# Ausbildung - PC / IT



## Karl-Fischer (14. November 2006)

Hallo,
Ich würde gerne eine Ausbildung machen die in Richtung PC geht, doch weiß ich nicht genau welche Ausbildung gut zu mir passen würde.

Meine Intresssen:

Starkes Intresse
Homepages

Programmieren
Design geben
Verwalten
Alles was zu Websites dazu gehört

Weniger starkes Intresse
Computer

Zusammenbauen
Reparieren
Verwalten
Netzwerk-Installation

Kaum / Wenig Intresse:
Medien

Mp3's bearbeiten
Videos bearbeiten
Komprimieren


----------



## Rena Hermann (15. November 2006)

Eine Möglichkeit unter vielen z.B.:
http://www.bmwi.de/BMWi/Navigation/Ausbildung-und-Beruf/ausbildungsberufe,did=68358.html

Oder überhaupt hier durchwurschteln
http://www.bmwi.de/BMWi/Navigation/Ausbildung-und-Beruf/ausbildungsberufe.html


----------



## mSals (15. November 2006)

Welchen Abschluß hast du gemacht , wenn du es natürlich sagen willst.

Hast du bereits Erfahrungen sammeln können in Programmiersprachen ?


----------



## Christian Kusmanow (15. November 2006)

Wenn Du sagst, Du hast kaum interesse hast mit Medien/Dateien zu hantieren,
dir aber "programmieren" (sagen wir mal scripten) und design eher liegt,
würd ich Dir was in Richtung Webdesign empfehlen.
In der richtigen Programmierung wirst ständig mit Medien und Dateiformaten in Berührung kommen
und würde Dir davon abraten wenn Du keine lust hast, Dich mit trockener Informatik zu beschäftigen.

Aber in sachen Webdesign hast wirklich viele Möglichkeiten.
Kannst mit PHP mittelgroße Projekte verwirklichen. Oder wenn Du dich an Java herran machst,
kannst mit Flash als Präsentationselement richtig aufwendige Dinge umzusetzen.
Weitehin gäbe es da noch ASP.NET womit man auch richtig aufwendige Projekte realisieren kann.

Probier auf jeden Fall alles mal aus und such Dir einen Beruf aus,
in dem Du mit den Dingen am häufigsten in Berührung kommst, die Dir am besten liegen.

Mehere Praktika zu absolvieren gehört natürlich dazu. Lass Dich aber nicht ausnutzen.
Anfangs muss jeder erst mal Leistung zeigen und dem Betrieb erst mal unter die Arme greifen,
wenn aber Spätestens nach der Hälfte der Zeit niemand bereit ist Dir was zu vermitteln,
würd ich mich über den Betrieb beschweren. Das ist nicht der Sinn eines Praktikums.

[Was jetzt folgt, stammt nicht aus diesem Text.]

lemma A_entry:
  assumes n: "n < N" and i: "i < K + 1" and j: "j < K + 1"
  shows "Amat K C phat V z gamma n $$ (i,j)
   = (if i < K then if j < K then gamma $ i * V $$ (i,j) else gamma $ i * z $ i
      else if j < K then (1 / phat $ n) * (\<Sum>l<K. C $$ (n,l) * (gamma $ l * V $$ (l,j)))
      else (1 / phat $ n) * (\<Sum>l<K. C $$ (n,l) * (gamma $ l * z $ l)))"
proof -
  let ?GV = "Gam K gamma * V"
  let ?s = "1 / phat $ n"
  have d: "dim_row ?GV = K" "dim_col ?GV = K" using GV_dim by auto
  have e: "Amat K C phat V z gamma n $$ (i,j) = (if i < K then if j < K then ?GV $$ (i,j)
        else mat_of_cols K [Gam K gamma *\<^sub>v z] $$ (i, j - K)
      else if j < K then (?s \<cdot>\<^sub>m (mat_of_rows K [row C n] * ?GV)) $$ (i - K, j)
      else ?s * (row C n \<bullet> (Gam K gamma *\<^sub>v z)))"
    unfolding Amat_def using i j d by (subst index_mat_four_block) auto
  consider "i < K" "j < K" | "i < K" "j = K" | "i = K" "j < K" | "i = K" "j = K"
    using i j by linarith
  then show ?thesis
  proof cases
    case 1 thus ?thesis using e GV by simp
  next
    case 2 thus ?thesis using e Gz by (simp add: mat_of_cols_index)
  next
    case 3 thus ?thesis using e A_bottom_left[OF n] by simp
  next
    case 4 thus ?thesis using e A_bottom_right[OF n] by simp
  qed
qed

lemma B_nn: "n < N \<Longrightarrow> \<forall>i<K. \<forall>j<K. Bmat K C phat V z gamma n $$ (i,j) \<ge> 0"
proof (intro allI impI)
  fix i j assume n: "n < N" and i: "i < K" and j: "j < K"
  have "0 \<le> gamma $ i" "0 \<le> z $ i" "0 \<le> 1 / phat $ n"
    using gamma_pos z_pos phat_pos i n by (auto simp: less_imp_le)
  thus "Bmat K C phat V z gamma n $$ (i,j) \<ge> 0" unfolding B_entry[OF n i j]
    using V_nonneg C_nn[OF n j] i j by (intro add_nonneg_nonneg mult_nonneg_nonneg) auto
qed
context
  fixes n :: nat and \<phi> :: "nat \<Rightarrow> 'a" and A :: "'a set"
  assumes pos: "0 < n" and \<phi>: "bij_betw \<phi> {0..<n} A"
begin

lemma carrier_transport_Zmod [simp]: "carrier (transport_Zmod n \<phi> A) = A"
  and one_transport_Zmod [simp]: "one (transport_Zmod n \<phi> A) = \<phi> 0"
  by (simp_all add: transport_Zmod_def)

lemma mult_transport_Zmod:
  "i < n \<Longrightarrow> j < n \<Longrightarrow> \<phi> i \<otimes>\<^bsub>transport_Zmod n \<phi> A\<^esub> \<phi> j = \<phi> ((i + j) mod n)"
  using \<phi> by (simp add: transport_Zmod_def bij_betw_inv_into_left)

lemma transport_Zmod_cases:
  assumes "a \<in> A"
  obtains i where "i < n" "a = \<phi> i"
  using assms bij_betw_imp_surj_on[OF \<phi>] by (metis atLeastLessThan_iff imageE)

lemma group_transport_Zmod: "group (transport_Zmod n \<phi> A)"
proof (rule groupI)
  let ?G = "transport_Zmod n \<phi> A"
  fix a b assume "a \<in> carrier ?G" "b \<in> carrier ?G"
  then show "a \<otimes>\<^bsub>?G\<^esub> b \<in> carrier ?G"
    by (auto simp: mult_transport_Zmod bij_betw_apply[OF \<phi>] pos elim!: transport_Zmod_cases)
next
  let ?G = "transport_Zmod n \<phi> A"
  fix a b c assume "a \<in> carrier ?G" "b \<in> carrier ?G" "c \<in> carrier ?G"
  then show "a \<otimes>\<^bsub>?G\<^esub> b \<otimes>\<^bsub>?G\<^esub> c = a \<otimes>\<^bsub>?G\<^esub> (b \<otimes>\<^bsub>?G\<^esub> c)"
    by (auto simp: mult_transport_Zmod pos mod_add_left_eq mod_add_right_eq add.assoc
             elim!: transport_Zmod_cases)
next
  let ?G = "transport_Zmod n \<phi> A"
  fix a assume "a \<in> carrier ?G"
  then obtain i where i: "i < n" "a = \<phi> i"
    by (auto elim: transport_Zmod_cases)
  show "\<one>\<^bsub>?G\<^esub> \<otimes>\<^bsub>?G\<^esub> a = a"
    using i pos by (simp add: mult_transport_Zmod)
  have "((n - i) mod n + i) mod n = 0"
    using i(1) by (simp add: mod_add_left_eq)
  then have "\<phi> ((n - i) mod n) \<otimes>\<^bsub>?G\<^esub> a = \<one>\<^bsub>?G\<^esub>"
    using i pos by (simp add: mult_transport_Zmod)
  then show "\<exists>b\<in>carrier ?G. b \<otimes>\<^bsub>?G\<^esub> a = \<one>\<^bsub>?G\<^esub>"
    using pos bij_betw_apply[OF \<phi>] by auto
qed (simp add: bij_betw_apply[OF \<phi>] pos)
text \<open>The three nondegeneracy conditions of a balanced zero are the nonvanishing of a single
  function that is continuous along the branch of zeros.\<close>

lemma balanced_zero_continuation:
  fixes f :: "'n::finite \<Rightarrow> ('n, 'r::finite) ipoly"
  assumes balanced: "balanced_zero f z0 a0 b0" and inv: "invertible (jac_IJ f z0 I a0 b0)"
  obtains U a b where "open U" "z0 \<in> U" "continuous_on U a" "continuous_on U b"
    "a z0 = a0" "b z0 = b0"
    "\<forall>z\<in>U. balanced_zero f z (a z) (b z) \<and> invertible (jac_IJ f z I (a z) (b z))"
proof -
  have zero: "Fmap f z0 a0 b0 = 0"
    using balanced by (simp add: balanced_zero_def)
  obtain U0 a b where U0: "open U0" "z0 \<in> U0" and cont: "continuous_on U0 a" "continuous_on U0 b"
    and init: "a z0 = a0" "b z0 = b0" and zeros: "\<And>z. z \<in> U0 \<Longrightarrow> Fmap f z (a z) (b z) = 0"
    using Fmap_zero_continuation[OF zero inv] by blast
  define g where "g z = (\<Prod>i\<in>UNIV. a z $ i) * (\<Prod>i\<in>UNIV. \<Prod>j\<in>UNIV - {i}. a z $ i - a z $ j)
      * det (jac_IJ f z I (a z) (b z))" for z
  have g_nonzero_iff: "g z \<noteq> 0 \<longleftrightarrow> (\<forall>i. a z $ i \<noteq> 0) \<and> (\<forall>i j. a z $ i = a z $ j \<longrightarrow> i = j)
      \<and> invertible (jac_IJ f z I (a z) (b z))" for z
    unfolding g_def invertible_det_nz by (auto simp: prod_zero_iff)
  have "continuous_on U0 g"
    unfolding g_def using cont
    by (intro continuous_on_mult continuous_on_prod continuous_on_diff continuous_on_det
        continuous_on_jac_IJ continuous_on_component)
  then have "open {z \<in> U0. g z \<noteq> 0}"
    using U0(1) by (rule open_Collect_nonzero_on)
  moreover have "z0 \<in> {z \<in> U0. g z \<noteq> 0}"
    using U0(2) balanced inv g_nonzero_iff[of z0] by (simp add: init balanced_zero_def)
  moreover have "balanced_zero f z (a z) (b z) \<and> invertible (jac_IJ f z I (a z) (b z))"
    if "z \<in> {z \<in> U0. g z \<noteq> 0}" for z
    using that zeros g_nonzero_iff[of z] by (auto simp: balanced_zero_def)
  ultimately show ?thesis
    using cont by (intro that[of "{z \<in> U0. g z \<noteq> 0}" a b]) (auto simp: init elim: continuous_on_subset)
qed
lemma has_binary_factorization_all_extra_columns:
  assumes "1 \<le> k"
  shows "has_binary_factorization n (4 + k) (k + 3) (append_cols 4 base_matrix extra_column)"
proof -
  let ?M = "append_cols 4 base_matrix extra_column"
  let ?L = "{0, 1, 2, 3} \<union> {5..<k + 4}"
  let ?R = "\<lambda>t i. (t \<le> 3 \<and> (i = t \<or> (i = 4 \<and> t \<le> 1) \<or> (5 \<le> i \<and> 2 \<le> t))) \<or> (5 \<le> t \<and> (i = 0 \<or> i = t))"
  let ?C = "\<lambda>t j. (t \<le> 3 \<and> j \<le> 4 \<and> ?M t j \<noteq> 0) \<or> (5 \<le> t \<and> j = t)"
  have "has_binary_factorization n (4 + k) (card ?L) ?M"
  proof (rule has_binary_factorization_rectangle_partition[where R = ?R and C = ?C])
    fix i j :: nat assume "j < 4 + k"
    then consider "j < 4" | "j = 4" | "j \<in> {5..<k + 4}" by fastforce
    then show "?M i j = of_bool (\<exists>t\<in>?L. ?R t i \<and> ?C t j)"
    proof cases
      case 1
      then have "(\<exists>t\<in>?L. ?R t i \<and> ?C t j) \<longleftrightarrow> (\<exists>t\<in>{0, 1, 2, 3}. ?R t i \<and> ?C t j)" by auto
      with 1 show ?thesis by (elim less_4_cases) (simp_all add: append_cols_def base_matrix_def)
    qed (auto simp: append_cols_def extra_column_def)
  next
    fix i j t t' :: nat
    assume "j < 4 + k" "t \<in> ?L" "t' \<in> ?L" and R: "?R t i" "?R t' i" and C: "?C t j" "?C t' j"
    show "t = t'"
    proof (cases "j < 4")
      case True
      with C have "t \<le> 3" "t' \<le> 3" "base_matrix t j \<noteq> 0" "base_matrix t' j \<noteq> 0"
        by (auto simp: append_cols_def)
      moreover from R \<open>t \<le> 3\<close> \<open>t' \<le> 3\<close> have "t = t' \<or> (t \<le> 1 \<longleftrightarrow> t' \<le> 1)" by auto
      ultimately show ?thesis using True base_matrix_same_half by blast
    next
      case False
      with C show ?thesis by (auto simp: append_cols_def extra_column_def)
    qed
  qed simp
  moreover have "card ?L = k + 3"
    using assms by (subst card_Un_disjoint) auto
  ultimately show ?thesis by metis
qed

lemma fooling_set_all_extra_columns:
  assumes "k + 4 \<le> n"
  shows "fooling_set n (4 + k) (append_cols 4 base_matrix extra_column)
    ({(1, 2), (2, 0), (3, 3)} \<union> (\<lambda>i. (i, i)) ` {4..<k + 4})"
  using assms
  by (auto simp: fooling_set_def append_cols_def base_matrix_def extra_column_def)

Sieh auch zu das Du Dich innovativ einbingst und dadurch evtl ein Projekt in der Praktikumszeit realisieren kannst.
Entweder übernehmen die Dich wenn Sie damit zufrieden sind oder Du hast eine Referenz
mit der Du dich überall berwerben kannst, und auch sicherlich was bekommen wirst. 

Ich wünsche Dir viel Erfolg.


----------



## Karl-Fischer (15. November 2006)

Hallo,
an eine Ausbildung als Webdesigner habe ich auch schon gedacht, nur ich habe gehört, dass es keine Ausbildung als Webdesigner gibt.

Vorraussichtlich werde ich im Juni 2007 die Mittlere Reife (Realschulabschluss) bekommen.
Notendurchschnitt : 3,0

Ich habe Erfahrungen mit HTML, sehr wenig CSS und ich kann ein wenig PHP programmieren.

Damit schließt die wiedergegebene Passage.